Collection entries
<<<<

(* For any collective choice problem $\mathcal C$ and every $\delta>0$, there exists $\eta_\delta>0$ such that $Q(x,\eta_\delta)\ne\emptyset$ for all $x\in\Upsilon_\delta$.
   Context: Collective choice problem $\mathcal C$: voters $N=\{1,\dots,n\}$ ($n$ odd), agenda setter $A$, compact metrizable policy space $X$, continuous preferences with continuous utilities $u_i$. $y\succ_M x$: a strict majority of voters strictly prefer $y$ to $x$. $\mathcal E$ is the set of Unimprovable policies ($x$ such that no $y$ has $y\succ_A x$ and $y\succ_M x$). For $\delta>0$, $\Upsilon_\delta=\{x\in X:\min_{y\in\mathcal E}u_A(y)\ge u_A(x)+\delta\}$. For $x\in X$, $\eta>0$, $Q(x,\eta)$ is the set of $y\in X$ with $u_A(y)\ge u_A(x)+\eta$ such that some strict majority $S\subseteq N$ has $u_i(y)\ge u_i(x)+\eta$ for all $i\in S$. *)

theory Defs
  imports "HOL-Analysis.Analysis"
begin

text \<open>Voters are N = {1..n}; voter i has utility u i; the agenda setter has utility uA;
  the policy space is a set X in a metric space.\<close>

definition voters :: "nat \<Rightarrow> nat set" where
  "voters n = {1..n}"

definition strict_majority :: "nat \<Rightarrow> nat set \<Rightarrow> bool" where
  "strict_majority n S \<longleftrightarrow> S \<subseteq> voters n \<and> 2 * card S > n"

definition maj_pref :: "nat \<Rightarrow> (nat \<Rightarrow> 'a \<Rightarrow> real) \<Rightarrow> 'a \<Rightarrow> 'a \<Rightarrow> bool" where
  "maj_pref n u y x \<longleftrightarrow> strict_majority n {i \<in> voters n. u i y > u i x}"

definition unimprovable ::
  "'a set \<Rightarrow> nat \<Rightarrow> (nat \<Rightarrow> 'a \<Rightarrow> real) \<Rightarrow> ('a \<Rightarrow> real) \<Rightarrow> 'a set" where
  "unimprovable X n u uA =
     {x \<in> X. \<not> (\<exists>y\<in>X. uA y > uA x \<and> maj_pref n u y x)}"

definition Upsilon ::
  "'a set \<Rightarrow> nat \<Rightarrow> (nat \<Rightarrow> 'a \<Rightarrow> real) \<Rightarrow> ('a \<Rightarrow> real) \<Rightarrow> real \<Rightarrow> 'a set" where
  "Upsilon X n u uA \<delta> =
     {x \<in> X. \<forall>y \<in> unimprovable X n u uA. uA y \<ge> uA x + \<delta>}"

definition Qset ::
  "'a set \<Rightarrow> nat \<Rightarrow> (nat \<Rightarrow> 'a \<Rightarrow> real) \<Rightarrow> ('a \<Rightarrow> real) \<Rightarrow> 'a \<Rightarrow> real \<Rightarrow> 'a set" where
  "Qset X n u uA x \<eta> =
     {y \<in> X. uA y \<ge> uA x + \<eta> \<and>
        (\<exists>S. strict_majority n S \<and> (\<forall>i\<in>S. u i y \<ge> u i x + \<eta>))}"

end

theory Submission
  imports Defs
begin

text \<open>Suppose no \<eta> works. Then there are \<open>x\<^sub>k \<in> \<Upsilon>\<^sub>\<delta>\<close> with \<open>Q(x\<^sub>k, 1/(k+1)) = {}\<close>.
  Since \<open>\<Upsilon>\<^sub>\<delta>\<close> is compact, a subsequence converges to some \<open>l \<in> \<Upsilon>\<^sub>\<delta>\<close>. As \<open>\<delta> > 0\<close>,
  \<open>l\<close> is not unimprovable, so some \<open>y\<close> beats \<open>l\<close> strictly for the agenda setter and for
  a strict majority; by continuity \<open>y\<close> then beats the \<open>x\<^sub>k\<close> near \<open>l\<close> by a fixed margin,
  which contradicts \<open>Q(x\<^sub>k, 1/(k+1)) = {}\<close> for large \<open>k\<close>.\<close>

lemma compact_Upsilon:
  fixes X :: "'a::t2_space set"
  assumes "compact X" and "continuous_on X uA"
  shows "compact (Upsilon X n u uA \<delta>)"
proof -
  have "Upsilon X n u uA \<delta> = X \<inter> uA -` (\<Inter>e\<in>unimprovable X n u uA. {..uA e - \<delta>})"
    by (fastforce simp: Upsilon_def)
  moreover have "closed (X \<inter> uA -` (\<Inter>e\<in>unimprovable X n u uA. {..uA e - \<delta>}))"
    using continuous_closed_preimage[OF assms(2) compact_imp_closed[OF assms(1)]]
    by (simp add: closed_INT)
  ultimately show ?thesis
    using compact_Int_closed[OF assms(1)] by (metis Int_absorb1 inf_le1)
qed

lemma Upsilon_improvable:
  assumes "\<delta> > 0" and "x \<in> Upsilon X n u uA \<delta>"
  obtains y where "y \<in> X" and "uA x < uA y" and "maj_pref n u y x"
proof -
  have "x \<notin> unimprovable X n u uA"
    using assms unfolding Upsilon_def by force
  with assms(2) show ?thesis
    using that unfolding Upsilon_def unimprovable_def by auto
qed

lemma Qset_antimono:
  assumes "\<eta>' \<le> \<eta>"
  shows "Qset X n u uA x \<eta> \<subseteq> Qset X n u uA x \<eta>'"
  using assms unfolding Qset_def by (fastforce intro: order_trans)

lemma eventually_mem_Qset:
  fixes z :: "'b \<Rightarrow> 'a"
  assumes uA: "((\<lambda>k. uA (z k)) \<longlongrightarrow> uA l) F"
    and u: "\<And>i. i \<in> voters n \<Longrightarrow> ((\<lambda>k. u i (z k)) \<longlongrightarrow> u i l) F"
    and y: "y \<in> X" "uA l < uA y" "maj_pref n u y l"
  shows "\<exists>\<eta>>0. \<forall>\<^sub>F k in F. y \<in> Qset X n u uA (z k) \<eta>"
proof -
  define S where "S = {i \<in> voters n. u i l < u i y}"
  have S: "finite S" "strict_majority n S"
    using y(3) unfolding S_def maj_pref_def voters_def by auto
  have small: "\<forall>\<^sub>F \<eta> in at_right 0. 2 * \<eta> < c" if "0 < c" for c :: real
  proof (rule order_tendstoD(2)[OF _ that])
    show "((\<lambda>\<eta>. 2 * \<eta>) \<longlongrightarrow> 0) (at_right (0::real))"
      by (intro tendsto_eq_intros) auto
  qed
  have "\<forall>\<^sub>F \<eta> in at_right 0. 0 < \<eta> \<and> 2 * \<eta> < uA y - uA l \<and> (\<forall>i\<in>S. 2 * \<eta> < u i y - u i l)"
    using y(2) S(1)
    by (intro eventually_conj eventually_at_right_less eventually_ball_finite ballI small)
       (auto simp: S_def)
  then obtain \<eta> where \<eta>: "0 < \<eta>" "2 * \<eta> < uA y - uA l" "\<forall>i\<in>S. 2 * \<eta> < u i y - u i l"
    using eventually_happens'[OF trivial_limit_at_right_real] by blast
  have "\<forall>\<^sub>F k in F. uA (z k) < uA l + \<eta> \<and> (\<forall>i\<in>S. u i (z k) < u i l + \<eta>)"
    using \<eta>(1) S(1)
    by (intro eventually_conj order_tendstoD(2)[OF uA] eventually_ball_finite ballI
        order_tendstoD(2)[OF u]) (auto simp: S_def)
  then have "\<forall>\<^sub>F k in F. y \<in> Qset X n u uA (z k) \<eta>"
  proof (rule eventually_mono)
    fix k assume "uA (z k) < uA l + \<eta> \<and> (\<forall>i\<in>S. u i (z k) < u i l + \<eta>)"
    with \<eta> y(1) S(2) show "y \<in> Qset X n u uA (z k) \<eta>"
      unfolding Qset_def by (fastforce intro!: exI[of _ S])
  qed
  with \<eta>(1) show ?thesis by blast
qed

theorem lemma7:
  fixes X :: "'a::metric_space set" and n :: nat
    and u :: "nat \<Rightarrow> 'a \<Rightarrow> real" and uA :: "'a \<Rightarrow> real" and \<delta> :: real
  assumes "odd n"
    and "compact X"
    and "\<And>i. i \<in> voters n \<Longrightarrow> continuous_on X (u i)"
    and "continuous_on X uA"
    and "\<delta> > 0"
  shows "\<exists>\<eta>>0. \<forall>x \<in> Upsilon X n u uA \<delta>. Qset X n u uA x \<eta> \<noteq> {}"
proof (rule ccontr)
  let ?U = "Upsilon X n u uA \<delta>"
  assume "\<not> ?thesis"
  then have "\<forall>k. \<exists>x\<in>?U. Qset X n u uA x (inverse (real (Suc k))) = {}"
    by auto
  then obtain x where x: "\<And>k. x k \<in> ?U" "\<And>k. Qset X n u uA (x k) (inverse (real (Suc k))) = {}"
    by metis
  obtain l r where l: "l \<in> ?U" and r: "strict_mono r" and lim: "(x \<circ> r) \<longlonglongrightarrow> l"
    using compact_Upsilon[OF assms(2,4), unfolded compact_def] x(1) by metis
  obtain y where y: "y \<in> X" "uA l < uA y" "maj_pref n u y l"
    using Upsilon_improvable[OF assms(5) l] .
  have "l \<in> X" and xr_in_X: "\<forall>\<^sub>F k in sequentially. (x \<circ> r) k \<in> X"
    using l x(1) by (auto simp: Upsilon_def)
  have limA: "(\<lambda>k. uA (x (r k))) \<longlonglongrightarrow> uA l"
    using continuous_on_tendsto_compose[OF assms(4) lim \<open>l \<in> X\<close> xr_in_X] by simp
  have limu: "(\<lambda>k. u i (x (r k))) \<longlonglongrightarrow> u i l" if "i \<in> voters n" for i
    using continuous_on_tendsto_compose[OF assms(3)[OF that] lim \<open>l \<in> X\<close> xr_in_X] by simp
  obtain \<eta> where "\<eta> > 0" and y_in: "\<forall>\<^sub>F k in sequentially. y \<in> Qset X n u uA (x (r k)) \<eta>"
    using eventually_mem_Qset[OF limA limu y] by blast
  have inverse_less: "\<forall>\<^sub>F k in sequentially. inverse (real (Suc (r k))) < \<eta>"
    using order_tendstoD(2)[OF LIMSEQ_subseq_LIMSEQ[OF LIMSEQ_inverse_real_of_nat r] \<open>\<eta> > 0\<close>]
    by simp
  obtain k where "y \<in> Qset X n u uA (x (r k)) \<eta>" and "inverse (real (Suc (r k))) < \<eta>"
    using eventually_happens'[OF sequentially_bot eventually_conj[OF y_in inverse_less]] by blast
  then have "y \<in> Qset X n u uA (x (r k)) (inverse (real (Suc (r k))))"
    using Qset_antimono[OF less_imp_le] by (meson subsetD)
  with x(2) show False by simp
qed

end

>>>>

Each line that includes the string "choice" should be copied from the data.

▸ **THE ANSWER**
(* For any collective choice problem $\mathcal C$ and every $\delta>0$, there exists $\eta_\delta>0$ such that $Q(x,\eta_\delta)\ne\emptyset$ for all $x\in\Upsilon_\delta$.
   Context: Collective choice problem $\mathcal C$: voters $N=\{1,\dots,n\}$ ($n$ odd), agenda setter $A$, compact metrizable policy space $X$, continuous preferences with continuous utilities $u_i$. $y\succ_M x$: a strict majority of voters strictly prefer $y$ to $x$. $\mathcal E$ is the set of Unimprovable policies ($x$ such that no $y$ has $y\succ_A x$ and $y\succ_M x$). For $\delta>0$, $\Upsilon_\delta=\{x\in X:\min_{y\in\mathcal E}u_A(y)\ge u_A(x)+\delta\}$. For $x\in X$, $\eta>0$, $Q(x,\eta)$ is the set of $y\in X$ with $u_A(y)\ge u_A(x)+\eta$ such that some strict majority $S\subseteq N$ has $u_i(y)\ge u_i(x)+\eta$ for all $i\in S$. *)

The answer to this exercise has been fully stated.